▸ Goal of the exercise
Below are the records; restate word for word the lines from the first through the one containing "deriv (\<lambda>t. f", and only those.

▸ Excerpted data
(* Let $E\subset\mathbb R^n$ and $F\subset\mathbb R^m$ be closed sets, and let $P:\mathbb R^n\to\mathbb R^m$ and $Q:\mathbb R^m\to\mathbb R^n$ be polynomial maps such that $P(E)=F$ and $Q\circ P$ is the identity on $E$. For $f\in\mathcal S(F)$ let $P^\flat f=f\circ P|_E$. Then $P^\flat$ maps $\mathcal S(F)$ into $\mathcal S(E)$ continuously.
   Context: For a closed set $E\subset\mathbb R^k$, $\mathcal S(E)$ denotes the space of restrictions to $E$ of Schwartz functions on $\mathbb R^k$, endowed with the quotient topology of $\mathcal S(\mathbb R^k)/\{f:f|_E=0\}$. *)

theory Defs
  imports "HOL-Analysis.Analysis"
begin

inductive polyfun :: "(real^'n \<Rightarrow> real) \<Rightarrow> bool" where
  pf_const: "polyfun (\<lambda>x. c)"
| pf_coord: "polyfun (\<lambda>x. x $ i)"
| pf_add: "polyfun f \<Longrightarrow> polyfun g \<Longrightarrow> polyfun (\<lambda>x. f x + g x)"
| pf_mult: "polyfun f \<Longrightarrow> polyfun g \<Longrightarrow> polyfun (\<lambda>x. f x * g x)"

definition poly_map :: "(real^'n \<Rightarrow> real^'m) \<Rightarrow> bool" where
  "poly_map P \<longleftrightarrow> (\<forall>j. polyfun (\<lambda>x. P x $ j))"

definition pdiff :: "'n \<Rightarrow> (real^'n \<Rightarrow> real) \<Rightarrow> real^'n \<Rightarrow> real" where
  "pdiff i f x = deriv (\<lambda>t. f (x + t *\<^sub>R axis i 1)) 0"

fun Dpart :: "'n list \<Rightarrow> (real^'n \<Rightarrow> real) \<Rightarrow> real^'n \<Rightarrow> real" where
  "Dpart [] f = f"
| "Dpart (i # is) f = pdiff i (Dpart is f)"

definition smooth_fun :: "(real^'n \<Rightarrow> real) \<Rightarrow> bool" where
  "smooth_fun f \<longleftrightarrow>
     (\<forall>is. continuous_on UNIV (Dpart is f) \<and>
        (\<forall>i x. ((\<lambda>t. Dpart is f (x + t *\<^sub>R axis i 1)) has_real_derivative pdiff i (Dpart is f) x) (at 0)))"

definition monom :: "('n::finite \<Rightarrow> nat) \<Rightarrow> real^'n \<Rightarrow> real" where
  "monom \<alpha> x = (\<Prod>i\<in>UNIV. (x $ i) ^ \<alpha> i)"

definition schwartz :: "(real^'n::finite \<Rightarrow> real) set" where
  "schwartz = {f. smooth_fun f \<and>
      (\<forall>\<alpha> is. bounded (range (\<lambda>x. monom \<alpha> x * Dpart is f x)))}"

definition sw_seminorm :: "('n::finite \<Rightarrow> nat) \<Rightarrow> 'n list \<Rightarrow> (real^'n \<Rightarrow> real) \<Rightarrow> real" where
  "sw_seminorm \<alpha> is f = (SUP x. \<bar>monom \<alpha> x * Dpart is f x\<bar>)"

definition schwartz_top :: "(real^'n::finite \<Rightarrow> real) topology" where
  "schwartz_top = topology (\<lambda>V. V \<subseteq> schwartz \<and>
     (\<forall>f\<in>V. \<exists>N::nat. \<exists>\<epsilon>>0. {g\<in>schwartz. \<forall>\<alpha> is. sum \<alpha> UNIV \<le> N \<longrightarrow> length is \<le> N \<longrightarrow>
          sw_seminorm \<alpha> is (\<lambda>x. g x - f x) < \<epsilon>} \<subseteq> V))"

text \<open>A function on E is represented by its extension by 0 outside E.\<close>
definition restr :: "(real^'n) set \<Rightarrow> (real^'n \<Rightarrow> real) \<Rightarrow> real^'n \<Rightarrow> real" where
  "restr E f = (\<lambda>x. if x \<in> E then f x else 0)"

definition schwartz_on :: "(real^'n::finite) set \<Rightarrow> (real^'n \<Rightarrow> real) set" where
  "schwartz_on E = restr E ` schwartz"

text \<open>Quotient topology of S(R^n)/{f : f|E = 0}, transported to S(E) via restriction.\<close>
definition schwartz_on_top :: "(real^'n::finite) set \<Rightarrow> (real^'n \<Rightarrow> real) topology" where
  "schwartz_on_top E = topology (\<lambda>U. U \<subseteq> schwartz_on E \<and>
      openin schwartz_top {f \<in> schwartz. restr E f \<in> U})"

definition pullback :: "(real^'n) set \<Rightarrow> (real^'n \<Rightarrow> real^'m) \<Rightarrow> (real^'m \<Rightarrow> real) \<Rightarrow> real^'n \<Rightarrow> real" where
  "pullback E P f = restr E (f \<circ> P)"

end

theory Submission
  imports Defs "HOL-Library.Multiset"
begin

text \<open>On \<open>E\<close> the Gaussian weight \<open>exp (- norm (x - Q (P x))\<^sup>2)\<close> equals \<open>1\<close>, so
  \<open>P\<^sup>\<flat> (h|\<^sub>F) = (T h)|\<^sub>E\<close> for the operator \<open>T h = (h \<circ> P) \<cdot> exp (- norm (x - Q (P x))\<^sup>2)\<close>
  defined on all of \<open>\<real>\<^sup>n\<close>. By the chain and Leibniz rules every derivative of \<open>T h\<close> is a finite sum of
  terms \<open>c x \<cdot> (\<partial>\<^sup>\<beta> h) (P x) \<cdot> exp (- norm (x - Q (P x))\<^sup>2)\<close> with polynomial \<open>c\<close>. Since
  \<open>1 + norm x \<le> (1 + norm (x - Q (P x))) \<cdot> C (1 + norm (P x))\<^sup>d\<close>, the polynomial growth of \<open>c\<close> is
  absorbed partly by the Gaussian and partly by the decay of \<open>\<partial>\<^sup>\<beta> h\<close> at \<open>P x\<close>. Hence every Schwartz
  seminorm of \<open>T h\<close> is bounded by finitely many seminorms of \<open>h\<close>, so the linear map \<open>T\<close> is
  continuous, and continuity passes to the quotient topologies.\<close>

lemma polyfun_diff: "polyfun f \<Longrightarrow> polyfun g \<Longrightarrow> polyfun (\<lambda>x. f x - g x)"
proof -
  assume "polyfun f" "polyfun g"
  then have "polyfun (\<lambda>x. f x + (-1) * g x)" by (intro polyfun.intros)
  then show ?thesis by simp
qed

lemma polyfun_neg: "polyfun f \<Longrightarrow> polyfun (\<lambda>x. - f x)"
  using polyfun_diff[OF polyfun.pf_const[of 0]] by simp

lemma polyfun_power: "polyfun f \<Longrightarrow> polyfun (\<lambda>x. f x ^ n)"
  by (induction n) (auto intro: polyfun.intros)

lemma polyfun_sum: "finite S \<Longrightarrow> (\<And>i. i \<in> S \<Longrightarrow> polyfun (f i)) \<Longrightarrow> polyfun (\<lambda>x. \<Sum>i\<in>S. f i x)"
  by (induction rule: finite_induct) (auto intro: polyfun.intros)

lemma polyfun_prod: "finite S \<Longrightarrow> (\<And>i. i \<in> S \<Longrightarrow> polyfun (f i)) \<Longrightarrow> polyfun (\<lambda>x. \<Prod>i\<in>S. f i x)"
  by (induction rule: finite_induct) (auto intro: polyfun.intros)

lemma polyfun_monom: "polyfun (monom \<alpha>)"
  unfolding monom_def[abs_def] by (intro polyfun_prod polyfun_power polyfun.pf_coord) auto

lemma polyfun_compose_poly_map: "polyfun f \<Longrightarrow> poly_map P \<Longrightarrow> polyfun (\<lambda>x. f (P x))"
  by (induction rule: polyfun.induct) (auto intro: polyfun.intros simp: poly_map_def)

lemma continuous_on_polyfun: "polyfun p \<Longrightarrow> continuous_on UNIV p"
  by (induction rule: polyfun.induct) (auto intro!: continuous_intros)

lemma continuous_on_poly_map: "poly_map P \<Longrightarrow> continuous_on UNIV P"
proof -
  assume "poly_map P"
  then have "continuous_on UNIV (\<lambda>x. \<chi> j. P x $ j)"
    by (intro continuous_on_vec_lambda) (auto simp: poly_map_def intro: continuous_on_polyfun)
  then show ?thesis by simp
qed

▸ Written solution
(* Let $E\subset\mathbb R^n$ and $F\subset\mathbb R^m$ be closed sets, and let $P:\mathbb R^n\to\mathbb R^m$ and $Q:\mathbb R^m\to\mathbb R^n$ be polynomial maps such that $P(E)=F$ and $Q\circ P$ is the identity on $E$. For $f\in\mathcal S(F)$ let $P^\flat f=f\circ P|_E$. Then $P^\flat$ maps $\mathcal S(F)$ into $\mathcal S(E)$ continuously.
   Context: For a closed set $E\subset\mathbb R^k$, $\mathcal S(E)$ denotes the space of restrictions to $E$ of Schwartz functions on $\mathbb R^k$, endowed with the quotient topology of $\mathcal S(\mathbb R^k)/\{f:f|_E=0\}$. *)

theory Defs
  imports "HOL-Analysis.Analysis"
begin

inductive polyfun :: "(real^'n \<Rightarrow> real) \<Rightarrow> bool" where
  pf_const: "polyfun (\<lambda>x. c)"
| pf_coord: "polyfun (\<lambda>x. x $ i)"
| pf_add: "polyfun f \<Longrightarrow> polyfun g \<Longrightarrow> polyfun (\<lambda>x. f x + g x)"
| pf_mult: "polyfun f \<Longrightarrow> polyfun g \<Longrightarrow> polyfun (\<lambda>x. f x * g x)"

definition poly_map :: "(real^'n \<Rightarrow> real^'m) \<Rightarrow> bool" where
  "poly_map P \<longleftrightarrow> (\<forall>j. polyfun (\<lambda>x. P x $ j))"

definition pdiff :: "'n \<Rightarrow> (real^'n \<Rightarrow> real) \<Rightarrow> real^'n \<Rightarrow> real" where
  "pdiff i f x = deriv (\<lambda>t. f (x + t *\<^sub>R axis i 1)) 0"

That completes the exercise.